The members of the USGBC-Long Island have come together to change Long Island’s status from the “birthplace” of suburban sprawl into one of leadership in environmental stewardship, through the construction of environmentally sound, healthy, and profitable buildings.
HISTORY OF CHAPTER
The Long Island Chapter of the U.S. Green Building Council owes its foundation to the vision, and initiative of Catherine Shawn. Catherine Shawn was instrumental in assembling a group of like minded professionals and instilling in them the belief that together they could make a difference. It was her inspiration and driving force that propelled Peter Caradonna to believe that he could help start a local Long Island Chapter.

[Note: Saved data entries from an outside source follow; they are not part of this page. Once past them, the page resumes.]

(* For every $\alpha,\beta>1$ and $\varepsilon>0$: (a) there is an instance with $N=C$ and an outcome that satisfies $\alpha$-proportional fairness but not $(\alpha+1-\varepsilon)$-individual fairness; (b) there is an instance with $N=C$ and an outcome that satisfies $\beta$-individual fairness but not $(\beta+1-\varepsilon)$-proportional fairness; (c) there is an instance with $N\subseteq C$ and an outcome that satisfies $\beta$-individual fairness but not $(2\beta-\varepsilon)$-proportional fairness.
   Context: Let $(\mathcal X,d)$ be a metric space, $N=[n]$ a set of agents and $C$ a set of candidates located in $\mathcal X$, $k\in\mathbb N^+$; an outcome is $W\subseteq C$ with $|W|\le k$; $B(i,r)=\{x\in\mathcal X:d(i,x)\le r\}$; $d(i,W)=\min_{c\in W}d(i,c)$. $\alpha$-proportional fairness: there is no group $N'\subseteq N$ with $|N'|\ge n/k$ and candidate $c\in C\setminus W$ such that $\alpha\, d(i,c)<d(i,W)$ for all $i\in N'$. $\beta$-individual fairness (for instances with $N\subseteq C$): $d(i,W)\le\beta\, r(i)$ for all $i\in N$, where $r(i)=\min\{r\in\mathbb R: |B(i,r)\cap N|\ge n/k\}$. *)

theory Defs
  imports "HOL-Library.Extended_Real"
begin

text \<open>Points of an instance live in an arbitrary metric d on a countable carrier (nat);
every finite instance embeds isometrically into such a space.\<close>

definition is_metric :: "(nat \<Rightarrow> nat \<Rightarrow> real) \<Rightarrow> bool" where
  "is_metric d \<longleftrightarrow> (\<forall>x y. d x y = 0 \<longleftrightarrow> x = y) \<and> (\<forall>x y. d x y = d y x)
     \<and> (\<forall>x y z. d x z \<le> d x y + d y z)"

definition is_instance :: "nat set \<Rightarrow> nat set \<Rightarrow> nat \<Rightarrow> bool" where
  "is_instance N C k \<longleftrightarrow> finite N \<and> N \<noteq> {} \<and> finite C \<and> k > 0"

definition outcome :: "nat set \<Rightarrow> nat \<Rightarrow> nat set \<Rightarrow> bool" where
  "outcome C k W \<longleftrightarrow> W \<subseteq> C \<and> card W \<le> k"

text \<open>d(i,W) = min over W; +\<infinity> for empty W.\<close>
definition distW :: "(nat \<Rightarrow> nat \<Rightarrow> real) \<Rightarrow> nat \<Rightarrow> nat set \<Rightarrow> ereal" where
  "distW d i W = (INF c\<in>W. ereal (d i c))"

definition prop_fair :: "(nat \<Rightarrow> nat \<Rightarrow> real) \<Rightarrow> nat set \<Rightarrow> nat set \<Rightarrow> nat \<Rightarrow> real \<Rightarrow> nat set \<Rightarrow> bool" where
  "prop_fair d N C k \<alpha> W \<longleftrightarrow>
     \<not> (\<exists>N' \<subseteq> N. real (card N') \<ge> real (card N) / real k \<and>
          (\<exists>c \<in> C - W. \<forall>i \<in> N'. ereal (\<alpha> * d i c) < distW d i W))"

definition fair_radius :: "(nat \<Rightarrow> nat \<Rightarrow> real) \<Rightarrow> nat set \<Rightarrow> nat \<Rightarrow> nat \<Rightarrow> real" where
  "fair_radius d N k i = (LEAST r::real. real (card {j \<in> N. d i j \<le> r}) \<ge> real (card N) / real k)"

definition ind_fair :: "(nat \<Rightarrow> nat \<Rightarrow> real) \<Rightarrow> nat set \<Rightarrow> nat \<Rightarrow> real \<Rightarrow> nat set \<Rightarrow> bool" where
  "ind_fair d N k \<beta> W \<longleftrightarrow> (\<forall>i \<in> N. distW d i W \<le> ereal (\<beta> * fair_radius d N k i))"

end

theory Submission
  imports Defs
begin

text \<open>Proportional fairness only constrains coalitions of at least n/k agents, whereas individual
fairness compares each agent with its own radius r(i). All three gaps are exhibited by instances
with k = 2: four points carrying a small path metric and, where coalitions must have three
members, a fifth far-away agent; every other point of the carrier is put at one large distance.
Lower bounds on r(i) come from fewer than n/k agents outside of which everyone is far from i;
the upper bound needs the least radius in the definition of r(i) to be attained, which holds
because the number of agents within radius r only jumps at the finitely many distances from i.\<close>

lemma is_metric_nonneg:
  assumes "is_metric d"
  shows "0 \<le> d x y"
proof -
  have "d x x \<le> d x y + d y x" "d x x = 0" "d y x = d x y"
    using assms unfolding is_metric_def by blast+
  then show ?thesis
    by linarith
qed

lemma least_sublevel_card_exists:
  fixes f :: "'a \<Rightarrow> real"
  assumes "finite A" and "0 < t" and "t \<le> real (card A)"
  shows "\<exists>r. t \<le> real (card {x\<in>A. f x \<le> r}) \<and>
             (\<forall>y. t \<le> real (card {x\<in>A. f x \<le> y}) \<longrightarrow> r \<le> y)"
proof -
  define S where "S = {v \<in> f ` A. t \<le> real (card {x\<in>A. f x \<le> v})}"
  have "finite S"
    using assms(1) by (simp add: S_def)
  have "A \<noteq> {}"
    using assms(2,3) by auto
  moreover have "{x\<in>A. f x \<le> Max (f ` A)} = A"
    using assms(1) by auto
  ultimately have "Max (f ` A) \<in> S"
    using assms(1,3) by (simp add: S_def)
  then have "Min S \<in> S"
    using \<open>finite S\<close> by (intro Min_in) auto
  moreover have "Min S \<le> y" if "t \<le> real (card {x\<in>A. f x \<le> y})" for y
  proof -
    define B where "B = {x\<in>A. f x \<le> y}"
    have "finite B"
      using assms(1) by (simp add: B_def)
    moreover have "B \<noteq> {}"
      using that assms(2) B_def by force
    define v where "v = Max (f ` B)"
    have "v \<in> f ` B"
      using \<open>B \<noteq> {}\<close> \<open>finite B\<close> by (simp add: v_def)
    then have "v \<le> y" and "v \<in> f ` A"
      by (auto simp: B_def)
    \<comment> \<open>the largest value of f below y cuts out the same sublevel set as y\<close>
    have "{x\<in>A. f x \<le> v} = B"
      using \<open>v \<le> y\<close> \<open>finite B\<close> by (auto simp: v_def B_def)
    then have "v \<in> S"
      using that \<open>v \<in> f ` A\<close> by (simp add: S_def B_def)
    then show "Min S \<le> y"
      using \<open>finite S\<close> \<open>v \<le> y\<close> by (meson Min_le order_trans)
  qed
  ultimately show ?thesis
    by (auto simp: S_def)
qed

lemma fair_radius_is_least:
  assumes "finite N" and "N \<noteq> {}" and "0 < k"
  shows "real (card N) / real k \<le> real (card {j\<in>N. d i j \<le> fair_radius d N k i})"
    and "real (card N) / real k \<le> real (card {j\<in>N. d i j \<le> r}) \<Longrightarrow> fair_radius d N k i \<le> r"
proof -
  have "real (card N) / real k \<le> real (card N)"
    using assms(3) by (simp add: divide_le_eq mult_le_cancel_left1)
  moreover have "0 < real (card N) / real k"
    using assms by (simp add: card_gt_0_iff)
  ultimately obtain r0 where covers: "real (card N) / real k \<le> real (card {j\<in>N. d i j \<le> r0})"
    and least: "\<And>y. real (card N) / real k \<le> real (card {j\<in>N. d i j \<le> y}) \<Longrightarrow> r0 \<le> y"
    using least_sublevel_card_exists[OF assms(1)] by blast
  then have "fair_radius d N k i = r0"
    unfolding fair_radius_def by (intro Least_equality) auto
  with covers least show
    "real (card N) / real k \<le> real (card {j\<in>N. d i j \<le> fair_radius d N k i})"
    "real (card N) / real k \<le> real (card {j\<in>N. d i j \<le> r}) \<Longrightarrow> fair_radius d N k i \<le> r"
    by auto
qed

lemma le_fair_radius:
  assumes "finite N" and "N \<noteq> {}" and "0 < k" and "finite S"
    and "real (card S) < real (card N) / real k"
    and "\<forall>j\<in>N - S. a \<le> d i j"
  shows "a \<le> fair_radius d N k i"
proof (rule ccontr)
  assume "\<not> a \<le> fair_radius d N k i"
  then have "{j\<in>N. d i j \<le> fair_radius d N k i} \<subseteq> S"
    using assms(6) by force
  then have "card {j\<in>N. d i j \<le> fair_radius d N k i} \<le> card S"
    using assms(4) by (rule card_mono[rotated])
  then show False
    using fair_radius_is_least(1)[OF assms(1-3), of d i] assms(5) by linarith
qed

lemma fair_radius_nonneg:
  assumes "is_metric d" and "finite N" and "N \<noteq> {}" and "0 < k"
  shows "0 \<le> fair_radius d N k i"
  using assms(2-4) is_metric_nonneg[OF assms(1)]
  by (intro le_fair_radius[where S = "{}"]) (auto simp: card_gt_0_iff)

lemma distW_empty: "distW d i {} = \<infinity>"
  by (simp add: distW_def top_ereal_def)

lemma distW_insert: "distW d i (insert c W) = min (ereal (d i c)) (distW d i W)"
  by (simp add: distW_def inf_min)

lemma distW_mem:
  assumes "is_metric d" and "i \<in> W"
  shows "distW d i W = 0"
proof (rule antisym)
  have "d i i = 0"
    using assms(1) by (simp add: is_metric_def)
  then show "distW d i W \<le> 0"
    unfolding distW_def using assms(2) by (metis INF_lower zero_ereal_def)
  show "0 \<le> distW d i W"
    unfolding distW_def using is_metric_nonneg[OF assms(1)] by (simp add: INF_greatest)
qed

lemma mem_not_deviates:
  assumes "is_metric d" and "0 \<le> \<alpha>" and "i \<in> W"
  shows "\<not> ereal (\<alpha> * d i c) < distW d i W"
  using distW_mem[OF assms(1,3)] is_metric_nonneg[OF assms(1)] assms(2)
  by (simp add: not_less)

definition far_extension :: "(nat \<Rightarrow> nat \<Rightarrow> real) \<Rightarrow> nat set \<Rightarrow> real \<Rightarrow> nat \<Rightarrow> nat \<Rightarrow> real" where
  "far_extension d P M x y = (if x = y then 0 else if x \<in> P \<and> y \<in> P then d x y else M)"

lemma is_metric_far_extension:
  assumes pos: "\<And>x y. x \<in> P \<Longrightarrow> y \<in> P \<Longrightarrow> x \<noteq> y \<Longrightarrow> 0 < d x y"
    and sym: "\<And>x y. x \<in> P \<Longrightarrow> y \<in> P \<Longrightarrow> d x y = d y x"
    and tri: "\<And>x y z. x \<in> P \<Longrightarrow> y \<in> P \<Longrightarrow> z \<in> P \<Longrightarrow> x \<noteq> y \<Longrightarrow> y \<noteq> z \<Longrightarrow> x \<noteq> z \<Longrightarrow>
                d x z \<le> d x y + d y z"
    and bounded: "\<And>x y. x \<in> P \<Longrightarrow> y \<in> P \<Longrightarrow> d x y \<le> 2 * M"
    and "0 < M"
  shows "is_metric (far_extension d P M)"
proof -
  let ?e = "far_extension d P M"
  have e_pos: "0 < ?e x y" if "x \<noteq> y" for x y
    using that pos \<open>0 < M\<close> by (simp add: far_extension_def)
  have e_zero: "?e x y = 0 \<longleftrightarrow> x = y" for x y
    using e_pos[of x y] by (auto simp: far_extension_def)
  have e_sym: "?e x y = ?e y x" for x y
    using sym by (simp add: far_extension_def)
  have e_tri: "?e x z \<le> ?e x y + ?e y z" for x y z
  proof (cases "x = y \<or> y = z \<or> x = z")
    case True
    then show ?thesis
      using e_pos[of x y] e_pos[of y z] by (auto simp: far_extension_def)
  next
    case False
    then show ?thesis
      using tri[of x y z] bounded[of x z] e_pos[of x y] e_pos[of y z] \<open>0 < M\<close>
      by (auto simp: far_extension_def)
  qed
  show ?thesis
    unfolding is_metric_def using e_zero e_sym e_tri by blast
qed

definition four_point_dist :: "real \<Rightarrow> real \<Rightarrow> real \<Rightarrow> real \<Rightarrow> real \<Rightarrow> real \<Rightarrow> nat \<Rightarrow> nat \<Rightarrow> real" where
  "four_point_dist d01 d02 d03 d12 d13 d23 x y =
     [[0, d01, d02, d03],
      [d01, 0, d12, d13],
      [d02, d12, 0, d23],
      [d03, d13, d23, 0]] ! x ! y"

On August 9th, 2005 the Long Island Chapter Organizing Group held a successful Inaugural Event that helped begin the process of membership leading to the first official Board elections.
In November 2005, the first Board of Directors of the newly recognized Long Island Chapter of the USGBC was elected to a term beginning January 01, 2006.
I: Challenges
Many challenges face the Long Island community and must be responded to by the Long Island Chapter. Not only do we face the political and economic issues of the era, but how do we educate the community in the benefits of green construction and change the perception that green does not have to cost more.
The challenges for the chapter are both organizational and operational in responding to the community’s needs.
Challenges include:
Continuity in administrative staffing with integration of paid staff with our volunteer members
Increased value to membership
Change perception from “green costs” to “green saves” to address perceptions that green building is not cost effective and to make an effective case for green building to the financial community.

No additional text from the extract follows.